Lab 9
Objective:
In this lab, I created a line map of the arena by combining TOF data points taken from 4 positions within. To collect datapoints, I did a 360 degree spot turn using PID to maintain angular speed, while sampling from the front-facing TOF rapidly.
Control
For this lab, I opted to do proportional control on angular speed. Accessing the angular speed readout on the gyroscope module of the IMU, I set error as the difference between the current speed and my target speed of 25 degrees per second. Experimenting with Kp, I arrived at 3.0 being optimal for maintaining this speed, adjusting my default PWM of 100. To spot spin clockwise, the left side is spun forward, while the right side backwards. As the left is slightly more powerful than the right, the right PWM is set 15 higher than the left consistently. All wheels were taped over to reduce their grip levels and allow for easier spot turning. The TOF sensor is sampled whenever ready as in previous labs, and the kalman filter was disabled (as the dynamics are not the same as previous labs). At a rotation of 25 degrees per second, and about 70 measurements per second, I expect a measurement window of 14400 milliseconds to sweep a 360 degree area and produce about 1000 discrete measurements. In the 14 milliseconds between measurements I expect to have changed heading by ~0.35 degrees. However, as seen in the data below, the instantaneous angular speed readings from IMU are either noisy, have too short of a sampling period, or my control is not very robust, as there is a relatively significant degree of variability in my angular speed. I was informed including a low pass filter in the gyro settings would likely not improve this behavior dramatically, and given the 25 mean angular speed, I continued the lab with this control setup. I had also seen in previous labs that the TOFs measure arbitrary values when pointed at distances greater than ~2 metres, thus I expect all such measurements taken in a 4x4 room or in the arena would be invalid.
In seeking to improve TOF accuracy in the arena I experimented with the distance modes on the TOF, and found no significant difference. I also conducted 2 spins from each location in the arena, and found no significant differences in readouts - except for the distant regions that return arbitrary readings, for which neither run was more accurate.
Reading Distances
The average of the two runs at each of the four arena coordinates (-3, -2), (5, -3), (5, 3), (0, 3) were as follows:
(-3, -2):
(5, -3):
(5, 3):
(0, 3):
Merge and Plot
To convert the distances recorded from each of these positions into a map, I simply applied x = distance * cos(theta) and y = distance * sin(theta), and added the starting coordinates, for each data point in the jupyter notebook as follows.

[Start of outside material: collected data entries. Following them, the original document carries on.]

lemma continuity_bootstrap:
  fixes \<phi> :: "real \<Rightarrow> real"
  assumes cont: "continuous_on {a..b} \<phi>" and start: "\<phi> a < B" and better: "B' < B"
    and improve: "\<And>s u. s \<in> {a..b} \<Longrightarrow> \<forall>v\<in>{a..<s}. \<phi> v < B \<Longrightarrow> u \<in> {a..<s} \<Longrightarrow> \<phi> u \<le> B'"
    and s: "s \<in> {a..b}"
  shows "\<phi> s < B"
proof (rule ccontr)
  assume "\<not> \<phi> s < B"
  define Z where "Z = {a..b} \<inter> \<phi> -` {B..}"
  have "s \<in> Z" using s \<open>\<not> \<phi> s < B\<close> by (auto simp: Z_def)
  moreover have "closed Z"
    unfolding Z_def by (rule continuous_closed_preimage[OF cont]) auto
  moreover have bdd: "bdd_below Z" by (auto simp: Z_def bdd_below_def)
  ultimately have "Inf Z \<in> Z" using closed_contains_Inf by blast
  define s0 where "s0 = Inf Z"
  have first: "s0 \<in> {a..b}" "B \<le> \<phi> s0" using \<open>Inf Z \<in> Z\<close> by (auto simp: Z_def s0_def)
  have "a < s0" using first start by (cases "s0 = a") auto
  have below: "\<forall>v\<in>{a..<s0}. \<phi> v < B"
  proof
    fix v assume v: "v \<in> {a..<s0}"
    show "\<phi> v < B"
    proof (rule ccontr)
      assume "\<not> \<phi> v < B"
      then have "v \<in> Z" using v first(1) by (auto simp: Z_def)
      then show False using cInf_lower[OF _ bdd, of v] v by (simp add: s0_def)
    qed
  qed
  have "{a..<s0} \<subseteq> {a..b} \<inter> \<phi> -` {..B'}"
    using improve[OF first(1) below] first(1) by auto
  moreover have "closed ({a..b} \<inter> \<phi> -` {..B'})"
    by (rule continuous_closed_preimage[OF cont]) auto
  ultimately have "closure {a..<s0} \<subseteq> {a..b} \<inter> \<phi> -` {..B'}"
    by (rule closure_minimal)
  moreover have "s0 \<in> closure {a..<s0}"
    using closure_atLeastLessThan[OF \<open>a < s0\<close>] \<open>a < s0\<close> by simp
  ultimately have "\<phi> s0 \<le> B'" by blast
  then show False using first better by simp
qed

lemma continuous_bounded_on_compact:
  fixes f :: "'a::topological_space \<Rightarrow> 'b::real_normed_vector"
  assumes "continuous_on UNIV f" "compact S"
  shows "\<exists>B>0. \<forall>z\<in>S. norm (f z) \<le> B"
proof -
  have "compact (f ` S)"
    by (rule compact_continuous_image[OF continuous_on_subset[OF assms(1)] assms(2)]) auto
  then have "bounded (f ` S)" by (rule compact_imp_bounded)
  then show ?thesis by (simp add: bounded_pos)
qed

lemma norm_triple_components:
  fixes x0 x1 :: "'a::real_normed_vector" and t :: real
  assumes "norm (x0, x1, t) \<le> B"
  shows "norm x0 \<le> B" "norm x1 \<le> B" "\<bar>t\<bar> \<le> B"
  using assms norm_fst_le[of x0 "(x1, t)"] norm_snd_le[of "(x1, t)" x0]
    norm_fst_le[of x1 t] norm_snd_le[of t x1] by auto

text \<open>Smoothness is only used through continuity.\<close>
lemma smooth_continuous: "smooth f \<Longrightarrow> continuous_on UNIV f"
  by (metis smooth_def Ck.simps(1))

section \<open>Motions driven by a short kick\<close>

locale kicked_motion =
  fixes g :: "'a::banach \<Rightarrow> 'a" and h y y' :: "real \<Rightarrow> 'a" and d :: "real \<Rightarrow> real"
    and e C :: real
  assumes e_pos: "0 < e"
    and d_cont: "continuous_on UNIV d"
    and d_zero: "\<And>t. t \<notin> {-e..e} \<Longrightarrow> d t = 0"
    and d_L1: "integral UNIV (\<lambda>t. \<bar>d t\<bar>) \<le> C"
    and y_deriv: "\<And>t. (y has_vector_derivative y' t) (at t)"
    and y'_deriv: "\<And>t. (y' has_vector_derivative (d t *\<^sub>R g (y t) + h t)) (at t)"
begin

lemma abs_kick_integrable_interval: "(\<lambda>t. \<bar>d t\<bar>) integrable_on {a..b}"
  by (intro integrable_continuous_interval continuous_intros continuous_on_subset[OF d_cont]) auto

lemma abs_kick_integrable: "(\<lambda>t. \<bar>d t\<bar>) integrable_on UNIV"
  by (rule integrable_on_superset[OF abs_kick_integrable_interval[of "-e" e]]) (auto simp: d_zero)

lemma kick_integral_le: "integral {a..b} (\<lambda>t. \<bar>d t\<bar>) \<le> C"
  using integral_subset_le[OF _ abs_kick_integrable_interval abs_kick_integrable] d_L1
  by (meson order_trans subset_UNIV abs_ge_zero)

The heading was computed by assuming 25 degree per second rotation up to the timestamp of the datapoint.
By maintaining lists of which position produced which data points, the lists could then be put together into a single scatter plot and labelled accordingly, as follows.
Eyeballing the scatterplot, I marked vertices of the walls and boxes, and produced the following lists of line start and endpoints. I finally amended the scatterplot to incorporate these lines. Cross-referencing with Rafael's coordinates, they are reasonably accurate, and ready to be imported into lab 11.